Officially, there are as many as 20 different political parties taking part in Cambodia's general elections on Sunday. But for many voters in this small Southeast Asian nation, there is no real choice.

"Some people are afraid of talking politics," said Bo, who asked to be identified only by his nickname.

According to Bo, the ruling Cambodian People's Party (CPP), which under Prime Minister Hun Sen has governed the country for 33 years, punishes people who vote for the opposition.

In rural Cambodia, the village chief and commune counselors issue documents for everything from marriages to land purchases, making people like Bo reliant on them for simple everyday transactions.

If they know someone supports the opposition "you have to go (back) three or four times before they agree (to issue the documents)," Bo told CNN from his village home in Traing District, Takeo Province.

"They put pressure on your family and if you are a powerful man they can kill you too, like Kem Ley."

In 2016, Kem Ley, a political analyst and government critic, was shot dead in broad daylight at a cafe in the capital city, Phnom Penh. A man jailed for the killing in 2017 said he shot Ley over a debt, but for many, including Human Rights Watch, the killing was politically motivated.

Since Ley's killing, the government has arrested opposition leader Kem Sokha for treason and pro-government courts dissolved his Cambodia National Rescue Party (CNRP) soon after.

The authorities also launched a crackdown on the press, arresting several journalists and closing the Cambodia Daily newspaper over a tax dispute.

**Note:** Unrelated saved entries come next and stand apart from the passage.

(* Let $G$ be an abelian group that is torsion-free or cyclic of prime order. Let $A=\{a_1,\dots,a_{n+1}\}\subsetneq G$ be a proper subset of $G$ with $n+1$ distinct elements, and define $A_i=-a_i+A=\{-a_i+a: a\in A\}$ for $i\in[n]$. If $A$ is not a progression, then $\bigcap_{i\in[n]}A_i=\{0\}$.
   Context: A progression of length $k$ with difference $x$ and initial term $a$ ($x,a\in G$) is a subset of $G$ of the form $\{a,a+x,a+2x,\dots,a+(k-1)x\}$. *)

theory Defs
  imports "HOL-Computational_Algebra.Primes"
begin

definition nsmul :: "nat \<Rightarrow> 'a::ab_group_add \<Rightarrow> 'a" where
  "nsmul k x = (((+) x) ^^ k) 0"

definition torsion_free :: "'a::ab_group_add itself \<Rightarrow> bool" where
  "torsion_free _ \<longleftrightarrow> (\<forall>(x::'a) k. k > 0 \<longrightarrow> nsmul k x = 0 \<longrightarrow> x = 0)"

definition cyclic_prime_order :: "'a::ab_group_add itself \<Rightarrow> bool" where
  "cyclic_prime_order _ \<longleftrightarrow> finite (UNIV :: 'a set) \<and> prime (card (UNIV :: 'a set)) \<and>
     (\<exists>g::'a. \<forall>y. \<exists>k. y = nsmul k g)"

definition progression :: "nat \<Rightarrow> 'a::ab_group_add \<Rightarrow> 'a \<Rightarrow> 'a set" where
  "progression k x a = {a + nsmul j x | j. j < k}"

definition is_progression :: "'a::ab_group_add set \<Rightarrow> bool" where
  "is_progression A \<longleftrightarrow> (\<exists>k x a. A = progression k x a)"

end

theory Submission
  imports Defs "HOL-Algebra.Multiplicative_Group"
begin

text \<open>If \<open>z \<noteq> 0\<close> lies in every \<open>A\<^sub>i\<close>, then \<open>a\<^sub>i + z \<in> A\<close> for \<open>i \<le> n\<close>, i.e. translation by \<open>z\<close>
  maps \<open>A\<close> minus one point into \<open>A\<close>, hence onto \<open>A\<close> minus one point \<open>s\<close>. Following \<open>s, s + z, s + 2z, \<dots>\<close>
  until the orbit leaves \<open>A\<close> gives a progression \<open>P \<subseteq> A\<close>; the rest \<open>A - P\<close> is closed under
  subtracting \<open>z\<close>, so if nonempty it would force \<open>d z = 0\<close> for some \<open>0 < d \<le> |A|\<close>. In a torsion-free
  group, or a group of prime order \<open>p > |A|\<close>, this is impossible, so \<open>A = P\<close>.\<close>

lemma nsmul_0 [simp]: "nsmul 0 x = 0"
  by (simp add: nsmul_def)

lemma nsmul_Suc [simp]: "nsmul (Suc k) x = x + nsmul k x"
  by (simp add: nsmul_def)

lemma nsmul_add: "nsmul (i + j) x = nsmul i x + nsmul j x"
  by (induction i) (simp_all add: add.assoc)

lemma nsmul_minus: "nsmul k (- x) = - nsmul k x"
  by (induction k) (simp_all add: add.commute)

lemma nsmul_eq_imp_nsmul_diff_eq_0:
  assumes "i < j" "nsmul i x = nsmul j x"
  shows "nsmul (j - i) x = 0"
  using assms nsmul_add[of i "j - i" x] by simp

definition additive_group :: "'a::ab_group_add monoid" where
  "additive_group = \<lparr>carrier = UNIV, monoid.mult = (+), one = 0\<rparr>"

lemma group_additive_group: "group additive_group"
  unfolding additive_group_def
  by (rule groupI) (auto simp: add.assoc intro: exI[of _ "- _"])

lemma additive_group_pow: "x [^]\<^bsub>additive_group\<^esub> k = nsmul k x"
  by (induction k) (simp_all add: additive_group_def add.commute)

lemma card_le_if_nsmul_eq_0:
  fixes z :: "'a::ab_group_add"
  assumes G: "torsion_free TYPE('a) \<or> cyclic_prime_order TYPE('a)"
    and "z \<noteq> 0" "0 < d" "nsmul d z = 0"
  shows "finite (UNIV :: 'a set) \<and> card (UNIV :: 'a set) \<le> d"
  using G
proof
  assume "torsion_free TYPE('a)"
  then show ?thesis using assms(2-4) unfolding torsion_free_def by blast
next
  assume "cyclic_prime_order TYPE('a)"
  then have fin: "finite (UNIV :: 'a set)" and p: "prime (card (UNIV :: 'a set))"
    unfolding cyclic_prime_order_def by auto
  interpret group "additive_group :: 'a monoid" by (rule group_additive_group)
  have z: "z \<in> carrier additive_group" by (simp add: additive_group_def)
  have "ord z dvd card (UNIV :: 'a set)"
    using ord_dvd_group_order[OF z] by (simp add: order_def additive_group_def)
  moreover have "ord z \<noteq> 1"
    using ord_eq_1[OF z] \<open>z \<noteq> 0\<close> by (simp add: additive_group_def)
  ultimately have "ord z = card (UNIV :: 'a set)"
    using p prime_nat_iff by blast
  moreover have "\<one>\<^bsub>additive_group\<^esub> = (0 :: 'a)" by (simp add: additive_group_def)
  then have "ord z dvd d"
    using pow_eq_id[OF z, of d] \<open>nsmul d z = 0\<close> by (simp add: additive_group_pow)
  ultimately show ?thesis using fin \<open>0 < d\<close> by (simp add: dvd_imp_le)
qed

lemma nsmul_neq_0_if_le_card_proper_subset:
  fixes z :: "'a::ab_group_add" and A :: "'a set"
  assumes G: "torsion_free TYPE('a) \<or> cyclic_prime_order TYPE('a)"
    and "finite A" "A \<noteq> UNIV" "z \<noteq> 0" "0 < d" "d \<le> card A"
  shows "nsmul d z \<noteq> 0"
proof
  assume "nsmul d z = 0"
  then have "finite (UNIV :: 'a set)" "card (UNIV :: 'a set) \<le> d"
    using card_le_if_nsmul_eq_0[OF G \<open>z \<noteq> 0\<close> \<open>0 < d\<close>] by auto
  moreover have "card A < card (UNIV :: 'a set)"
    using \<open>A \<noteq> UNIV\<close> calculation(1) by (intro psubset_card_mono) auto
  ultimately show False using \<open>d \<le> card A\<close> by simp
qed

lemma nsmul_eq_0_if_orbit_in_finite_set:
  fixes z :: "'a::ab_group_add"
  assumes "finite S" and orbit: "\<And>k. k \<le> card S \<Longrightarrow> x + nsmul k z \<in> S"
  obtains d where "0 < d" "d \<le> card S" "nsmul d z = 0"
proof -
  let ?f = "\<lambda>k. x + nsmul k z"
  have "?f ` {0..card S} \<subseteq> S" using orbit by auto
  then have "card (?f ` {0..card S}) \<le> card S" by (rule card_mono[OF \<open>finite S\<close>])
  then have "\<not> inj_on ?f {0..card S}" by (auto dest: card_image)
  then obtain i j where ij: "i \<le> card S" "j \<le> card S" "i \<noteq> j" "nsmul i z = nsmul j z"
    unfolding inj_on_def by auto
  obtain i j where "i < j" "j \<le> card S" "nsmul i z = nsmul j z"
    using ij by (metis linorder_neqE_nat)
  then show ?thesis
    using that[of "j - i"] nsmul_eq_imp_nsmul_diff_eq_0[of i j z] by simp
qed

lemma translate_remove_eq_remove:
  fixes A :: "'a::ab_group_add set"
  assumes "finite A" "t \<in> A" and sub: "(\<lambda>y. y + z) ` (A - {t}) \<subseteq> A"
  obtains s where "s \<in> A" "(\<lambda>y. y + z) ` (A - {t}) = A - {s}"
proof -
  have card_img: "card ((\<lambda>y. y + z) ` (A - {t})) = card (A - {t})"
    by (simp add: card_image)
  also have "\<dots> < card A" using \<open>finite A\<close> \<open>t \<in> A\<close> by (rule card_Diff1_less)
  finally obtain s where s: "s \<in> A" "s \<notin> (\<lambda>y. y + z) ` (A - {t})"
    using sub by (metis less_irrefl subsetI subset_antisym)
  then have "(\<lambda>y. y + z) ` (A - {t}) \<subseteq> A - {s}" using sub by auto
  moreover have "card (A - {s}) = card (A - {t})" using s assms by simp
  ultimately show ?thesis
    using that[of s] s card_img \<open>finite A\<close> by (metis card_subset_eq finite_Diff)
qed

lemma eq_empty_if_closed_under_minus:
  fixes z :: "'a::ab_group_add"
  assumes "finite R" and closed: "\<And>y. y \<in> R \<Longrightarrow> y - z \<in> R"
    and torsion: "\<And>d. 0 < d \<Longrightarrow> d \<le> card R \<Longrightarrow> nsmul d z \<noteq> 0"
  shows "R = {}"
proof (rule ccontr)
  assume "R \<noteq> {}"
  then obtain y where "y \<in> R" by blast
  have "y + nsmul k (- z) \<in> R" for k
  proof (induction k)
    case (Suc k)
    have "y + nsmul (Suc k) (- z) = (y + nsmul k (- z)) - z" by (simp add: algebra_simps)
    then show ?case using closed[OF Suc.IH] by metis
  qed (simp add: \<open>y \<in> R\<close>)
  then obtain d where "0 < d" "d \<le> card R" "nsmul d (- z) = 0"
    using nsmul_eq_0_if_orbit_in_finite_set[OF \<open>finite R\<close>] by blast
  then show False using torsion by (simp add: nsmul_minus)
qed

lemma is_progression_if_translate_remove_subset:
  fixes A :: "'a::ab_group_add set"
  assumes fin: "finite A" and "t \<in> A" and sub: "(\<lambda>y. y + z) ` (A - {t}) \<subseteq> A"
    and torsion: "\<And>d. 0 < d \<Longrightarrow> d \<le> card A \<Longrightarrow> nsmul d z \<noteq> 0"
  shows "is_progression A"
proof -
  obtain s where "s \<in> A" and img: "(\<lambda>y. y + z) ` (A - {t}) = A - {s}"
    using translate_remove_eq_remove[OF fin \<open>t \<in> A\<close> sub] .
  have step_back: "y - z \<in> A" if "y \<in> A" "y \<noteq> s" for y
  proof -
    have "y \<in> (\<lambda>y. y + z) ` (A - {t})" using that img by blast
    then show ?thesis by auto
  qed
  define f where "f k = s + nsmul k z" for k
  have "\<exists>k. f k \<notin> A"
    using nsmul_eq_0_if_orbit_in_finite_set[OF fin, of s z] torsion unfolding f_def by metis
  define m where "m = (LEAST k. f k \<notin> A)"
  have fm: "f m \<notin> A" and below: "\<And>k. k < m \<Longrightarrow> f k \<in> A"
    using LeastI_ex[OF \<open>\<exists>k. f k \<notin> A\<close>] not_less_Least unfolding m_def by blast+
  define R where "R = A - f ` {..<m}"
  have "f 0 = s" by (simp add: f_def)
  have R_closed: "y - z \<in> R" if "y \<in> R" for y
  proof -
    have "y \<in> A" "y \<notin> f ` {..<m}" using that by (auto simp: R_def)
    moreover have "0 < m" using fm \<open>s \<in> A\<close> \<open>f 0 = s\<close> by (cases m) auto
    ultimately have "y \<noteq> s" using \<open>f 0 = s\<close> by force
    have "y - z \<notin> f ` {..<m}"
    proof
      assume "y - z \<in> f ` {..<m}"
      then obtain k where "k < m" "f (Suc k) = y" by (auto simp: f_def algebra_simps)
      then show False
        using \<open>y \<in> A\<close> \<open>y \<notin> f ` {..<m}\<close> fm by (metis Suc_lessI lessThan_iff rev_image_eqI)
    qed
    then show ?thesis using step_back[OF \<open>y \<in> A\<close> \<open>y \<noteq> s\<close>] by (simp add: R_def)
  qed
  have "R = {}"
  proof (rule eq_empty_if_closed_under_minus[OF _ R_closed])
    show "finite R" using fin by (simp add: R_def)
    have "card R \<le> card A" using fin by (simp add: R_def card_mono)
    then show "nsmul d z \<noteq> 0" if "0 < d" "d \<le> card R" for d
      using torsion that by simp
  qed
  then have "A = progression m z s"
    using below by (auto simp: R_def progression_def f_def)
  then show ?thesis unfolding is_progression_def by blast
qed

theorem lemma3p11:
  fixes a :: "nat \<Rightarrow> 'a::ab_group_add" and n :: nat and A :: "'a set"
  assumes G: "torsion_free TYPE('a) \<or> cyclic_prime_order TYPE('a)"
    and A_def: "A = a ` {1..n+1}"
    and distinct: "inj_on a {1..n+1}"
    and proper: "A \<noteq> UNIV"
    and notprog: "\<not> is_progression A"
  shows "(\<Inter>i\<in>{1..n}. (\<lambda>x. - a i + x) ` A) = {0}"
proof -
  have "z = 0" if z: "z \<in> (\<Inter>i\<in>{1..n}. (\<lambda>x. - a i + x) ` A)" for z
  proof (rule ccontr)
    assume "z \<noteq> 0"
    have fin: "finite A" using A_def by simp
    have "a (n + 1) \<notin> a ` {1..n}"
      using inj_on_image_mem_iff[OF distinct, of "n + 1" "{1..n}"] by simp
    then have "A - {a (n + 1)} = a ` {1..n}"
      by (auto simp: A_def atLeastAtMostSuc_conv)
    moreover have "a i + z \<in> A" if "i \<in> {1..n}" for i
    proof -
      from z that obtain y where "y \<in> A" "z = - a i + y" by blast
      then show ?thesis by simp
    qed
    ultimately have "(\<lambda>y. y + z) ` (A - {a (n + 1)}) \<subseteq> A" by auto
    moreover have "nsmul d z \<noteq> 0" if "0 < d" "d \<le> card A" for d
      using nsmul_neq_0_if_le_card_proper_subset[OF G fin proper \<open>z \<noteq> 0\<close> that] .
    moreover have "a (n + 1) \<in> A" using A_def by simp
    ultimately show False
      using is_progression_if_translate_remove_subset[OF fin] notprog by blast
  qed
  moreover have "0 \<in> (\<lambda>x. - a i + x) ` A" if "i \<in> {1..n}" for i
    using that A_def by (intro image_eqI[of _ _ "a i"]) auto
  ultimately show ?thesis by blast
qed

end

In May, staff at the English-language newspaper the Phnom Penh Post resigned en mass following the sale of the paper to a Malaysian tycoon who demanded changes to an article detailing his links with Prime Minister Hun Sen.

Since 2017, Cambodia has dropped 10 places in the World Press Freedom Index.

Biggest opposition party

The CNRP was the country's biggest opposition party and won 3 million votes, around 44% of the total, during the last general elections in 2013. They accused the ruling party of cheating and the country was rocked by massive protests.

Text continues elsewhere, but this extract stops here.